Text-based AI models (chatbots) are AI-powered programs capable of generating text on any topic.
Text-based AI models (chatbots) can solve school assignments, take exams, write essays, and generate computer programs. Popular text-based AI models such as ChatGPT, Gemini, and Claude are based on large language models (LLMs) and fall under the field of natural language processing (NLP), which focuses on the interaction between computers and human language.
These models are trained to simulate conversations, answer questions, generate content, and perform other language-based tasks based on the input (a prompt) they receive.
The distinctive feature of text-based AI models compared to other AI systems is evident from their name – text-based AI models create and process text. While text-based AI models are designed using natural language processing (NLP), AI models for image generation, for example, rely on entirely different foundational models, specifically machine vision models. Computer vision systems, for instance, are built to interpret and process visual data, enabling machines to identify objects, analyse images, and make decisions based on visual input.
The primary function of text-based AI models is natural language processing—they generate and refine text, unlike other AI systems that focus on processing visual or spatial data.
In the field of robotics, AI is used for physical interaction with the environment, enabling machines to control movement, respond to sensory feedback, or solve spatial tasks. These systems make real-time decisions based on data from sensors, cameras, or other input streams.

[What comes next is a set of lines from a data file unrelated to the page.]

(* There exists a constant $C_0$ such that, almost surely, for every $C>0$ and $M>0$ the following holds for $t$ large enough: for all $x\in\mathbb R^2$ with $|x|\le Ct$ and all $v\in S^1$, if $\{e_k\}$ is a path of edges of $\mathcal V$ connecting $\pi_0(x)$ and $\pi_0(x+tv)$ (a test path for $m_0(x,x+tv)$) with $\#\{e_k\}\le tM$, then every point of $\bigcup_k e_k$ lies at distance at most $C_0Mt$ from $x$.
   Context: $\mathcal N$ is a Poisson random set of intensity $1$ in $\mathbb R^2$ on a probability space $(\Omega,\mathcal F,\mathbf P)$ equipped with an ergodic group of measure-preserving translations compatible with $\mathcal N$. Voronoi cells $C_i=\{x:|x-i|\le|x-j|\ \forall j\in\mathcal N\}$; $\mathcal V$ is the set of edges of Voronoi cells and $\mathcal N^*$ the set of their vertices. $\pi_0(x)$ is a closest point of $\mathcal N^*$ to $x$. A path of edges connecting two points $\bar x,\bar y$ is a collection of edges $[x_{k-1},x_k]\in\mathcal V$, $k=1,\dots,K$, with $x_0=\bar x$, $x_K=\bar y$, forming a non-self-intersecting polygonal curve; $m_0(x,y)$ is the minimal number of edges of such a path connecting $\pi_0(x)$ and $\pi_0(y)$. *)

theory Defs
  imports "HOL-Probability.Probability"
begin

type_synonym pt = "real^2"

definition poisson_process :: "'w measure \<Rightarrow> ('w \<Rightarrow> pt set) \<Rightarrow> bool" where
  "poisson_process P N \<longleftrightarrow>
     prob_space P \<and>
     (\<forall>\<omega>\<in>space P. \<forall>B. bounded B \<longrightarrow> finite (N \<omega> \<inter> B)) \<and>
     (\<forall>A. A \<in> sets lborel \<and> bounded A \<longrightarrow>
        (\<forall>k::nat. measure P {\<omega> \<in> space P. card (N \<omega> \<inter> A) = k}
              = exp (- measure lborel A) * (measure lborel A) ^ k / fact k)) \<and>
     (\<forall>(I::nat set) (A::nat \<Rightarrow> pt set). finite I \<longrightarrow> disjoint_family_on A I \<longrightarrow>
        (\<forall>i\<in>I. A i \<in> sets lborel \<and> bounded (A i)) \<longrightarrow>
        prob_space.indep_vars P (\<lambda>_. count_space UNIV) (\<lambda>i \<omega>. card (N \<omega> \<inter> A i)) I)"

definition voronoi_cell :: "pt set \<Rightarrow> pt \<Rightarrow> pt set" where
  "voronoi_cell S i = {x. \<forall>j\<in>S. dist x i \<le> dist x j}"

definition voronoi_edges :: "pt set \<Rightarrow> pt set set" where
  "voronoi_edges S = {e. \<exists>i\<in>S. \<exists>j\<in>S. i \<noteq> j \<and>
      (\<exists>a b. a \<noteq> b \<and> e = closed_segment a b \<and> voronoi_cell S i \<inter> voronoi_cell S j = e)}"

definition voronoi_vertices :: "pt set \<Rightarrow> pt set" where
  "voronoi_vertices S = {a. \<exists>b. a \<noteq> b \<and> closed_segment a b \<in> voronoi_edges S}"

definition closest_point :: "pt set \<Rightarrow> pt \<Rightarrow> pt \<Rightarrow> bool" where
  "closest_point A x p \<longleftrightarrow> p \<in> A \<and> (\<forall>q\<in>A. dist x p \<le> dist x q)"

definition edge_path :: "pt set \<Rightarrow> pt list \<Rightarrow> bool" where
  "edge_path S xs \<longleftrightarrow> xs \<noteq> [] \<and>
     (\<forall>k. Suc k < length xs \<longrightarrow> closed_segment (xs!k) (xs!Suc k) \<in> voronoi_edges S) \<and>
     (\<forall>k l. k < l \<and> Suc l < length xs \<longrightarrow>
        closed_segment (xs!k) (xs!Suc k) \<inter> closed_segment (xs!l) (xs!Suc l)
          = (if l = Suc k then {xs!l} else {}))"

definition path_edges_union :: "pt list \<Rightarrow> pt set" where
  "path_edges_union xs = (\<Union>k\<in>{k. Suc k < length xs}. closed_segment (xs!k) (xs!Suc k))"

end

(*
  Tile the plane by 8 x 8 lattice squares and call a square occupied when the Poisson set meets
  its central 4 x 4 box. There are at most 81^n self-avoiding king walks of n + 1 squares starting
  within n^2 squares of the origin, and a given set of at least (n + 1) / 2 central boxes is void
  with probability at most e^(-8 (n + 1)); as 2 * 162 < e^8, Borel-Cantelli shows that almost
  surely, from some scale n0 on, every such walk has more than half of its squares occupied.

  Deterministically, this puts a site within O(n) of every point of the disc of radius ~ n^2, so
  Voronoi cells there are small and contain vertices, and pi_0 moves points by O(n) only. A path
  of K Voronoi edges lies in the union of K cells; following it square by square gives a
  self-avoiding king walk whose occupied squares all lie within two squares of one of these K
  nuclei, so the walk has fewer than 50 K squares and the path stays within 16 (n + 1) + 800 K of
  its start. With n ~ t / 100, the distance t between the two ends forces 800 K to dominate the
  O(n) errors, so the whole path lies within 1600 K <= 1600 M t of x.
*)

theory Submission
  imports Defs "HOL-Real_Asymp.Real_Asymp"
begin

section \<open>Voronoi cells of locally finite sets\<close>

definition locally_finite :: "'a::metric_space set \<Rightarrow> bool" where
  "locally_finite S \<longleftrightarrow> (\<forall>B. bounded B \<longrightarrow> finite (S \<inter> B))"

lemma dist_le_iff_inner:
  fixes x i j :: "'a::real_inner"
  shows "dist x i \<le> dist x j \<longleftrightarrow> (2 *\<^sub>R (j - i)) \<bullet> x \<le> j \<bullet> j - i \<bullet> i"
proof -
  have "dist x i \<le> dist x j \<longleftrightarrow> (dist x i)\<^sup>2 \<le> (dist x j)\<^sup>2"
    by (simp add: abs_le_square_iff[symmetric])
  also have "\<dots> \<longleftrightarrow> (x - i) \<bullet> (x - i) \<le> (x - j) \<bullet> (x - j)"
    by (simp add: dist_norm power2_norm_eq_inner)
  also have "\<dots> \<longleftrightarrow> (2 *\<^sub>R (j - i)) \<bullet> x \<le> j \<bullet> j - i \<bullet> i"
    by (simp add: inner_commute algebra_simps)
  finally show ?thesis .
qed

lemma voronoi_cell_eq_halfspaces:
  "voronoi_cell S i = (\<Inter>j\<in>S. {x. (2 *\<^sub>R (j - i)) \<bullet> x \<le> j \<bullet> j - i \<bullet> i})"
  unfolding voronoi_cell_def by (auto simp: dist_le_iff_inner)

lemma convex_voronoi_cell: "convex (voronoi_cell S i)"
  unfolding voronoi_cell_eq_halfspaces by (intro convex_INT convex_halfspace_le)

lemma closed_voronoi_cell: "closed (voronoi_cell S i)"
  unfolding voronoi_cell_eq_halfspaces by (intro closed_INT ballI closed_halfspace_le)

lemma center_in_voronoi_cell: "i \<in> voronoi_cell S i"
  by (simp add: voronoi_cell_def)

lemma collinear_equidistant:
  fixes i j :: pt
  assumes "i \<noteq> j"
  shows "collinear {x. dist x i = dist x j}"
proof -
  have "{x. dist x i = dist x j} = {x. (2 *\<^sub>R (j - i)) \<bullet> x = j \<bullet> j - i \<bullet> i}"
  proof -
    have "dist x i = dist x j \<longleftrightarrow> (2 *\<^sub>R (j - i)) \<bullet> x = j \<bullet> j - i \<bullet> i" for x
    proof -
      have "(2 *\<^sub>R (i - j)) \<bullet> x = - ((2 *\<^sub>R (j - i)) \<bullet> x)"
        by (simp add: inner_diff_left)
      then show ?thesis
        using dist_le_iff_inner[of x i j] dist_le_iff_inner[of x j i] by argo
    qed
    then show ?thesis by blast
  qed
  moreover have "aff_dim \<dots> = 1"
    using aff_dim_hyperplane[of "2 *\<^sub>R (j - i)"] assms by simp
  ultimately show ?thesis by (simp add: collinear_aff_dim)
qed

Text-based AI models rely almost exclusively on textual data, both during training and operation. They are trained on massive amounts of written content, allowing them to learn grammar, syntax, and word meanings in different contexts. This text-based training makes them highly effective for language-related tasks but less suited for processing other data types, such as audio or visual inputs. Despite their focus on text, many widely used text-based AI models (e.g., ChatGPT) are integrated with other foundational models capable of recognizing text in images and audio. This expands their functionality beyond language tasks—for example, they can solve a math problem based on a photo taken with a smartphone.
The learning mechanisms of text-based AI models also differ from those used in other AI fields. These models are typically trained using unsupervised or semi-supervised learning, leveraging large text-based datasets. Their goal is to identify linguistic patterns – how words and sentences are structured – so they can predict the next word in a sequence. This predictive capability enables them to generate coherent responses to user input.
Text-based AI models are trained on extensive textual datasets, which helps them develop an understanding of grammar, syntax, and language patterns, making them highly effective for text-based tasks.
Other AI systems, such as those utilising reinforcement learning, operate under a different paradigm. Instead of training on static datasets, these models learn by interacting with their environment and receiving feedback in the form of rewards or penalties. This approach is commonly used in robotics and game AI, where the model refines its strategies or behaviours over time to maximise performance or rewards. For example, AI models trained via reinforcement learning can learn to play chess through trial and error, improving their decision-making process with each game.
Although text-based AI models fall under the category of narrow AI, they are often perceived as broader in scope than other generative AI models, such as those designed for image creation. This is because text-based AI can handle an exceptionally wide range of tasks, including writing research papers, finding sources, language learning, translation, and providing expertise across various academic fields. Even though models like ChatGPT can recognize text in images and respond through spoken output, they still remain within the domain of narrow AI.
To train an AI model, it is necessary to have as much high-quality data as possible. The GPT-4o model has 100 trillion parameters. The AI uses data for learning by identifying patterns and relationships within it, optimising parameters, and adjusting them so that the model can make the most accurate predictions possible.